(* Let $k=\mathbb R$ or $\mathbb C$, let $(E,g)$ be a finite-dimensional inner product vector space over $k$, let $f\in\operatorname{End}_k(E)$, let $H_1,\dots,H_n$ be $f$-invariant subspaces with $E=H_1\oplus\dots\oplus H_n$, and write $f_i=f|_{H_i}$. Let $\mathcal H_f^\perp=[\operatorname{Im} f_1]_1^\perp\oplus\dots\oplus[\operatorname{Im} f_n]_n^\perp$. Then $\mathcal H_f^\perp=[\operatorname{Im} f]^\perp$ if and only if $[\operatorname{Im} f_i]_i^\perp\subseteq\big[\sum_{j\ne i}\operatorname{Im} f_j\big]^\perp$ for every $i\in\{1,\dots,n\}$.
   Context: An inner product is linear in the first argument, conjugate-symmetric and positive definite. For a subspace $U\subseteq E$, $U^\perp=\{e\in E:g(u,e)=0\ \forall u\in U\}$; for a subspace $W\subseteq H_i$, $[W]_i^\perp=\{v\in H_i:g(w,v)=0\ \forall w\in W\}$. *)

theory Defs
  imports Complex_Main "HOL-Library.FuncSet"
begin

text \<open>The scalar field k is R or C: we carry an injective ring embedding iota of k into the
complex numbers whose range is either the reals or all of C.  Conjugation on k is
transported along iota.\<close>

definition R_or_C :: "('k::field \<Rightarrow> complex) \<Rightarrow> bool" where
  "R_or_C \<iota> \<longleftrightarrow> inj \<iota> \<and> \<iota> 0 = 0 \<and> \<iota> 1 = 1
     \<and> (\<forall>a b. \<iota> (a + b) = \<iota> a + \<iota> b) \<and> (\<forall>a b. \<iota> (a * b) = \<iota> a * \<iota> b)
     \<and> (range \<iota> = \<real> \<or> range \<iota> = UNIV)"

definition is_inner_product ::
  "('k::field \<Rightarrow> complex) \<Rightarrow> ('k \<Rightarrow> 'v::ab_group_add \<Rightarrow> 'v) \<Rightarrow> ('v \<Rightarrow> 'v \<Rightarrow> 'k) \<Rightarrow> bool" where
  "is_inner_product \<iota> scale g \<longleftrightarrow>
     (\<forall>a u v w. g (scale a u + v) w = a * g u w + g v w)
     \<and> (\<forall>u v. \<iota> (g u v) = cnj (\<iota> (g v u)))
     \<and> (\<forall>v. v \<noteq> 0 \<longrightarrow> \<iota> (g v v) \<in> \<real> \<and> Re (\<iota> (g v v)) > 0)"
(* Let $f$ be a $2\pi$-periodic continuous function with modulus of continuity $\omega(t)$, and let $A=(a_{n,k})$ be a lower triangular infinite matrix of real numbers ($a_{n,k}=0$ for $k>n$) with $a_{n,k}\ge 0$ and $\sum_{k=0}^n a_{n,k}=1$ for all $n$. Let $\beta\ge0$ and suppose \[ \sum_{k=m}^{\infty}(k+1)^{\beta}\left|\frac{a_{n,k}}{(k+1)^{\beta}}-\frac{a_{n,k+1}}{(k+2)^{\beta}}\right|=\mathcal{O}(a_{n,m}) \] for all $m=0,1,\dots,n$ and $n=0,1,\dots$. Then \[ \|T_{n,A}(f)-f\|=\mathcal{O}\left(\omega\left(\frac{\pi}{n+1}\right)+\sum_{v=1}^{n}v^{-1}\omega\left(\frac{\pi}{v}\right)\sum_{j=0}^{v}a_{n,j}\right). \]
   Context: $S_k(f;x)$ is the $k$-th partial sum of the Fourier series of $f$ at $x$, and $T_{n,A}(f;x):=\sum_{k=0}^n a_{n,k}S_k(f;x)$. $\|\cdot\|$ is the sup-norm. $\omega(\delta)=\sup_{|h|\le\delta}\sup_x|f(x+h)-f(x)|$. The notation $u=\mathcal{O}(v)$ means $u\le Cv$ for a positive constant $C$ (independent of $n$). *)

theory Defs
  imports "HOL-Analysis.Analysis"
begin

definition fourier_a :: "(real \<Rightarrow> real) \<Rightarrow> nat \<Rightarrow> real" where
  "fourier_a f k = (1 / pi) * integral {-pi..pi} (\<lambda>t. f t * cos (real k * t))"

definition fourier_b :: "(real \<Rightarrow> real) \<Rightarrow> nat \<Rightarrow> real" where
  "fourier_b f k = (1 / pi) * integral {-pi..pi} (\<lambda>t. f t * sin (real k * t))"

definition fourier_partial_sum :: "(real \<Rightarrow> real) \<Rightarrow> nat \<Rightarrow> real \<Rightarrow> real" where
  "fourier_partial_sum f k x =
     fourier_a f 0 / 2 +
     (\<Sum>j\<in>{1..k}. fourier_a f j * cos (real j * x) + fourier_b f j * sin (real j * x))"

definition T_mean :: "(nat \<Rightarrow> nat \<Rightarrow> real) \<Rightarrow> (real \<Rightarrow> real) \<Rightarrow> nat \<Rightarrow> real \<Rightarrow> real" where
  "T_mean a f n x = (\<Sum>k\<in>{0..n}. a n k * fourier_partial_sum f k x)"

definition sup_norm :: "(real \<Rightarrow> real) \<Rightarrow> real" where
  "sup_norm g = (SUP x. \<bar>g x\<bar>)"

definition modulus_cont :: "(real \<Rightarrow> real) \<Rightarrow> real \<Rightarrow> real" where
  "modulus_cont f \<delta> = (SUP p\<in>{(h, x). \<bar>h\<bar> \<le> \<delta>}. \<bar>f (snd p + fst p) - f (snd p)\<bar>)"

end

theory Submission
  imports Defs "HOL-Library.Periodic_Fun"
begin
(* Let $t\in\mathbb{N}$ be a constant, let $n=2^m$, and let $\beta=\log_2\sqrt[t+1]{2^{t+1}-1}$. Then the running time of $\mathrm{cover}(\mathbf{v},r)$ (described in the context) on inputs $\mathbf{v}\in\mathbb{F}_2^{t\times n}$ is: $O(n^{t+1})$ when $r$ is constant; $O(n^{(t+1)(1-\alpha\beta)})$ when $r=\alpha m$ with $0<\alpha<\frac{t}{(t+1)\beta}$ constant; and $O(n\log n)$ when $r=m-s$ with $s$ constant, or when $r=\alpha m$ with $\frac{t}{(t+1)\beta}\leq \alpha<1$ constant.
   Context: For a $t\times n$ binary matrix $\mathbf{v}$ with rows $\overline{v}_1,\dots,\overline{v}_t$, $\mathrm{wt}^{(t)}(\mathbf{v})=\left|\bigcup_{i} \mathrm{supp}(\overline{v}_i)\right|$ and $d^{(t)}(\mathbf{u},\mathbf{v})=\mathrm{wt}^{(t)}(\mathbf{u}-\mathbf{v})$. For a linear code $C\subseteq\mathbb{F}_2^n$, $C^t$ is the set of $t\times n$ matrices all of whose rows lie in $C$. Reed–Muller codes: $\mathrm{RM}(0,m)=\{\overline{0},\overline{1}\}\subseteq\mathbb{F}_2^{2^m}$, $\mathrm{RM}(m,m)=\mathbb{F}_2^{2^m}$, and for $1\leq r\leq m-1$, $\mathrm{RM}(r,m)=\{(\overline{u},\overline{u}+\overline{v}) : \overline{u}\in \mathrm{RM}(r,m-1),\ \overline{v}\in\mathrm{RM}(r-1,m-1)\}$. The algorithm: $\mathrm{recursive}(\mathbf{v},r)$, for $\mathbf{v}\in\mathbb{F}_2^{t\times 2^m}$ and $1\le r\le m$: if $r=m$, return $\mathbf{v}$; if $r=1$, return a matrix $\mathbf{c}\in\mathrm{RM}(1,m)^t$ minimizing $d^{(t)}(\mathbf{v},\mathbf{c})$, found by exhaustively computing $d^{(t)}(\mathbf{v},\mathbf{c})$ for every $\mathbf{c}\in\mathrm{RM}(1,m)^t$; otherwise write $\mathbf{v}=(\mathbf{v}_1,\mathbf{v}_2)$ with $\mathbf{v}_1,\mathbf{v}_2\in\mathbb{F}_2^{t\times 2^{m-1}}$ (first and second halves of the columns), compute $\mathbf{c}_1=\mathrm{recursive}(\mathbf{v}_1,r)$ and $\mathbf{c}_2=\mathrm{recursive}(\mathbf{v}_2-\mathbf{c}_1,r-1)$, and return $(\mathbf{c}_1,\mathbf{c}_1+\mathbf{c}_2)$. $\mathrm{subadditive}(\mathbf{v},r)$: apply $\mathrm{recursive}$ separately to each row of $\mathbf{v}$ and stack the results. $\mathrm{cover}(\mathbf{v},r)$: compute $\mathrm{recursive}(\mathbf{v},r)$ and $\mathrm{subadditive}(\mathbf{v},r)$ and return whichever is closer to $\mathbf{v}$ in $d^{(t)}$. *)

theory Defs
  imports Complex_Main "HOL-Library.Landau_Symbols"
begin
(* Let $p$ be an odd prime, $m$ a positive integer, and let $1,\alpha,\beta\in\mathbb{F}_{p^m}$ be linearly independent over $\mathbb{F}_p$. Let $\eta$ be the quadratic character of $\mathbb{F}_{p^m}$ and $\epsilon_p=e^{2\pi i/p}$. If \[\Big|\sum_{y_1,y_2\in\mathbb{F}_p}\eta(1+y_1\alpha+y_2\beta)\,\epsilon_p^{-y_1y_2}\Big|\neq p,\] then the function $F:\mathbb{F}_{p^m}\times\mathbb{F}_p^2\to\mathbb{F}_p$, \[F(x,y_1,y_2)=\mathrm{Tr}_m(x^2)+\big(y_1+\mathrm{Tr}_m(\alpha x^2)\big)\big(y_2+\mathrm{Tr}_m(\beta x^2)\big),\] is a non-dual-bent function (i.e. $F$ is bent but its dual $F^*$ is not bent).
   Context: $\mathrm{Tr}_m$ is the absolute trace $\mathbb{F}_{p^m}\to\mathbb{F}_p$. Inner product on $\mathbb{F}_{p^m}\times\mathbb{F}_p^2$: $\langle (a,b_1,b_2),(x,y_1,y_2)\rangle=\mathrm{Tr}_m(ax)+b_1y_1+b_2y_2$. Walsh transform of $f:V\to\mathbb{F}_p$ ($\dim V=N$): $\widehat f(b)=\sum_{x\in V}\epsilon_p^{f(x)-\langle b,x\rangle}$; $f$ is bent if $|\widehat f(b)|=p^{N/2}$ for all $b$. For bent $f$ (odd $p$), $\widehat f(b)=\zeta_bp^{N/2}\epsilon_p^{f^*(b)}$ with $\zeta_b\in\{\pm1,\pm i\}$, defining the dual $f^*:V\to\mathbb{F}_p$. A bent function is dual-bent if $f^*$ is bent, and non-dual-bent otherwise. *)

theory Defs
  imports "HOL-Analysis.Analysis"
begin
lemma bij_aut: "bij (aut s)"
  by (rule o_bij[of "aut_inv s"]) (auto simp: fun_eq_iff aut_aut_inv aut_inv_aut)

lemma aut_in_TreeAut: "aut s \<in> TreeAut"
  unfolding TreeAut_def using bij_aut aut_snoc by auto

lemma aut_cong: "(\<And>u. length u < length v \<Longrightarrow> s u = t u) \<Longrightarrow> aut s v = aut t v"
  by (induct v rule: rev_induct) (auto simp: aut_snoc)

lemma aut_eq_upto_iff:
  "(\<forall>v. length v \<le> n \<longrightarrow> aut s v = aut t v) \<longleftrightarrow> (\<forall>u. length u < n \<longrightarrow> s u = t u)"
proof
  assume "\<forall>v. length v \<le> n \<longrightarrow> aut s v = aut t v"
  then have "aut s (u @ [False]) = aut t (u @ [False])" if "length u < n" for u
    using that by simp
  then show "\<forall>u. length u < n \<longrightarrow> s u = t u" by (simp add: aut_snoc)
qed (auto intro!: aut_cong)

lemma aut_fixes_prefix: "aut s (v @ u) = v @ u \<Longrightarrow> aut s v = v"
  by (simp add: aut_append)

definition portrait :: "(bool list \<Rightarrow> bool list) \<Rightarrow> bool list \<Rightarrow> bool" where
  "portrait g w = g (w @ [False]) ! length w"

lemma eq_aut_portrait_upto:
  assumes "g [] = []" and "\<And>w x. length w < n \<Longrightarrow> \<exists>y. g (w @ [x]) = g w @ [y]"
    and "inj g" and "length v \<le> n"
  shows "g v = aut (portrait g) v"
  using \<open>length v \<le> n\<close>
proof (induct v rule: rev_induct)
  case Nil then show ?case using assms(1) by simp
next
  case (snoc x v)
  then have IH: "g v = aut (portrait g) v" and "length v < n" by simp_all
  then obtain y0 y1 where y0: "g (v @ [False]) = g v @ [y0]" and y1: "g (v @ [True]) = g v @ [y1]"
    using assms(2) by meson
  have "portrait g v = y0" unfolding portrait_def y0 using IH by (simp add: nth_append)
  moreover have "y0 \<noteq> y1" using y0 y1 injD[OF \<open>inj g\<close>, of "v @ [False]" "v @ [True]"] by auto
  ultimately show ?case using y0 y1 IH by (cases x) (auto simp: aut_snoc)
qed

lemma TreeAut_eq_range_aut: "TreeAut = range aut"
proof -
  have "g = aut (portrait g)" if "g \<in> TreeAut" for g
    using that by (intro ext eq_aut_portrait_upto) (auto simp: TreeAut_def bij_def)
  then show ?thesis using aut_in_TreeAut by blast
qed

definition level_aut :: "nat \<Rightarrow> (bool list \<Rightarrow> bool) \<Rightarrow> bool list \<Rightarrow> bool list" where
  "level_aut n s = restr n (aut s)"

definition portraits_below :: "nat \<Rightarrow> (bool list \<Rightarrow> bool) set" where
  "portraits_below n = {t. \<forall>u. n \<le> length u \<longrightarrow> \<not> t u}"

definition prune :: "nat \<Rightarrow> (bool list \<Rightarrow> bool) \<Rightarrow> bool list \<Rightarrow> bool" where
  "prune n s = (\<lambda>u. length u < n \<and> s u)"

lemma level_aut_eq_iff: "level_aut n s = level_aut n t \<longleftrightarrow> (\<forall>u. length u < n \<longrightarrow> s u = t u)"
proof -
  have "level_aut n s = level_aut n t \<longleftrightarrow> (\<forall>v. length v \<le> n \<longrightarrow> aut s v = aut t v)"
    unfolding level_aut_def restr_def fun_eq_iff by auto
  then show ?thesis using aut_eq_upto_iff by simp
qed

lemma level_aut_eq_upto_iff:
  assumes "k \<le> n"
  shows "(\<forall>v. length v \<le> k \<longrightarrow> level_aut n s v = level_aut n t v) \<longleftrightarrow> (\<forall>u. length u < k \<longrightarrow> s u = t u)"
proof -
  have "(\<forall>v. length v \<le> k \<longrightarrow> level_aut n s v = level_aut n t v) \<longleftrightarrow> (\<forall>v. length v \<le> k \<longrightarrow> aut s v = aut t v)"
    using assms by (auto simp: level_aut_def restr_def)
  then show ?thesis by (simp only: aut_eq_upto_iff)
qed
(* Let $f_1,\dots,f_p$ be analytic on an open disk centered at $0$, $A_1,\dots,A_p\in\mathbb{C}^{n\times n}$, $k\ge1$, and $W\in\mathbb{C}^{n\times(k+1)}$. Let $Z=\sum_{m=1}^pA_mW(G_{k+1}\circ F_m)$, where $G_{k+1}$ and $F_m$ are as in the context. Let $1\le q\le k+1$ and let $U,V\in\mathbb{R}^{(k+1)\times q}$, with columns $u_j,v_j$, be factors of a best rank-$q$ approximation $UV^T$ of $G_{k+1}$. Then $$\tilde Z=\sum_{m=1}^pA_m\sum_{j=1}^qW\operatorname{diag}(u_j)F_m\operatorname{diag}(v_j)$$ satisfies $$\|Z-\tilde Z\|_F\le\Big(\sum_{m=1}^p\|A_mW\|_2\,\|F_m\|_F\Big)\sum_{j=q+1}^{k+1}\sigma_j(G_{k+1}),$$ where $\sigma_j(G_{k+1})$ are the singular values of $G_{k+1}$ in decreasing order.
   Context: $\mathbf{C}=[c_{i,j}]_{i,j\ge1}$ is the infinite matrix determined by $c_{i,1}=1/(i+1)$ ($i\ge1$) and $c_{i-1,j}=\frac{j}{i}c_{i,j-1}$ ($i,j>1$). $G_{k+1}\in\mathbb{R}^{(k+1)\times(k+1)}$ has entries $g_{j,1}=g_{1,j}=1/j$ ($j=1,\dots,k+1$) and $g_{i,j}=c_{i-1,j}/j$ for $i,j\ge2$. $F_m\in\mathbb{C}^{(k+1)\times(k+1)}$ is the Hankel matrix with $(i,j)$ entry $f_m^{(i+j-1)}(0)$. $\circ$ is the Hadamard product; $\operatorname{diag}(u)$ is the diagonal matrix with diagonal $u$. *)

theory Defs
  imports "HOL-Analysis.Analysis" "Jordan_Normal_Form.Matrix" "Jordan_Normal_Form.Char_Poly"
    "Jordan_Normal_Form.DL_Rank"
begin

(* The infinite matrix C = [c_{i,j}]_{i,j>=1} (1-based indices):
   c_{i,1} = 1/(i+1),  c_{i,j} = j/(i+1) * c_{i+1,j-1}  for j >= 2
   (equivalent to c_{i-1,j} = (j/i) c_{i,j-1} for i,j > 1). Index 0 is unused. *)
fun cC :: "nat \<Rightarrow> nat \<Rightarrow> real" where
  "cC i 0 = 0"
| "cC i (Suc 0) = 1 / real (i + 1)"
| "cC i (Suc (Suc j)) = real (Suc (Suc j)) / real (i + 1) * cC (Suc i) (Suc j)"

(* G_{K} as a K x K real matrix (0-based storage: entry (i,j) is g_{i+1,j+1}) *)
definition Gmat :: "nat \<Rightarrow> real mat" where
  "Gmat K = mat K K (\<lambda>(i,j).
     if i = 0 then 1 / real (j + 1)
     else if j = 0 then 1 / real (i + 1)
     else cC i (j + 1) / real (j + 1))"

(* Hankel matrix of derivatives: (i,j) entry (1-based) f^{(i+j-1)}(0) *)
definition Fmat :: "nat \<Rightarrow> (complex \<Rightarrow> complex) \<Rightarrow> complex mat" where
  "Fmat K f = mat K K (\<lambda>(i,j). (deriv ^^ (i + j + 1)) f 0)"

definition hadamard :: "'a::times mat \<Rightarrow> 'a mat \<Rightarrow> 'a mat" where
  "hadamard A B = mat (dim_row A) (dim_col A) (\<lambda>(i,j). A $$ (i,j) * B $$ (i,j))"

definition mat_sum :: "nat \<Rightarrow> nat \<Rightarrow> 'b set \<Rightarrow> ('b \<Rightarrow> 'a::comm_monoid_add mat) \<Rightarrow> 'a mat" where
  "mat_sum nr nc I f = mat nr nc (\<lambda>(i,j). \<Sum>m\<in>I. f m $$ (i,j))"

definition frob_norm :: "'a::real_normed_vector mat \<Rightarrow> real" where
  "frob_norm M = sqrt (\<Sum>i<dim_row M. \<Sum>j<dim_col M. (norm (M $$ (i,j)))\<^sup>2)"

definition vec_norm2 :: "'a::real_normed_vector vec \<Rightarrow> real" where
  "vec_norm2 x = sqrt (\<Sum>i<dim_vec x. (norm (x $ i))\<^sup>2)"

definition spec_norm :: "complex mat \<Rightarrow> real" where
  "spec_norm M = Sup {vec_norm2 (M *\<^sub>v x) | x. x \<in> carrier_vec (dim_col M) \<and> vec_norm2 x \<le> 1}"

definition singular_values :: "real mat \<Rightarrow> real list" where
  "singular_values G =
     rev (sorted_list_of_multiset (image_mset sqrt (proots (char_poly (transpose_mat G * G)))))"

end

theory Submission
  imports Defs "Jordan_Normal_Form.Spectral_Radius"
begin

text \<open>
  The low-rank expression is a Hadamard product in disguise: the sum over j of
  diag(u_j) F diag(v_j) is (U V^T) \<circ> F, so Z - Z~ is the sum over m of
  A_m W ((G - U V^T) \<circ> F_m). Each term has Frobenius norm at most
  \<parallel>A_m W\<parallel>_2 \<parallel>F_m\<parallel>_F \<parallel>G - U V^T\<parallel>_F, since every entry of G - U V^T is bounded by its
  Frobenius norm.

  The spectral theorem for real symmetric matrices is proved by deflation: the eigenvalues
  of a real symmetric matrix are real, so it has a real unit eigenvector, and a Householder
  reflection completes that vector to an orthonormal basis.
\<close>

section \<open>Norms of vectors and matrices\<close>

lemma vec_norm2_nonneg: "0 \<le> vec_norm2 v"
  unfolding vec_norm2_def by (simp add: sum_nonneg)

lemma vec_norm2_pos:
  assumes "v \<in> carrier_vec n" "v \<noteq> 0\<^sub>v n"
  shows "0 < vec_norm2 v"
proof -
  obtain i where i: "i < n" "v $ i \<noteq> 0"
    using assms by (metis eq_vecI carrier_vecD index_zero_vec)
  have "0 < (norm (v $ i))\<^sup>2" using i by simp
  also have "\<dots> \<le> (\<Sum>i<dim_vec v. (norm (v $ i))\<^sup>2)"
    using i assms(1) by (intro member_le_sum) auto
  finally show ?thesis unfolding vec_norm2_def by simp
qed

lemma vec_norm2_smult:
  "vec_norm2 (c \<cdot>\<^sub>v (v :: 'a::real_normed_div_algebra vec)) = norm c * vec_norm2 v"
  unfolding vec_norm2_def
  by (simp add: norm_mult power_mult_distrib sum_distrib_left[symmetric] real_sqrt_mult)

* [Task details]
Each line in the listing above from the one containing "using that by (intro" through the one containing "s = (\<lambda>u." should be repeated exactly, and no other line.

* [Exercise output]
    using that by (intro ext eq_aut_portrait_upto) (auto simp: TreeAut_def bij_def)
  then show ?thesis using aut_in_TreeAut by blast
qed

definition level_aut :: "nat \<Rightarrow> (bool list \<Rightarrow> bool) \<Rightarrow> bool list \<Rightarrow> bool list" where
  "level_aut n s = restr n (aut s)"

definition portraits_below :: "nat \<Rightarrow> (bool list \<Rightarrow> bool) set" where
  "portraits_below n = {t. \<forall>u. n \<le> length u \<longrightarrow> \<not> t u}"

definition prune :: "nat \<Rightarrow> (bool list \<Rightarrow> bool) \<Rightarrow> bool list \<Rightarrow> bool" where
  "prune n s = (\<lambda>u. length u < n \<and> s u)"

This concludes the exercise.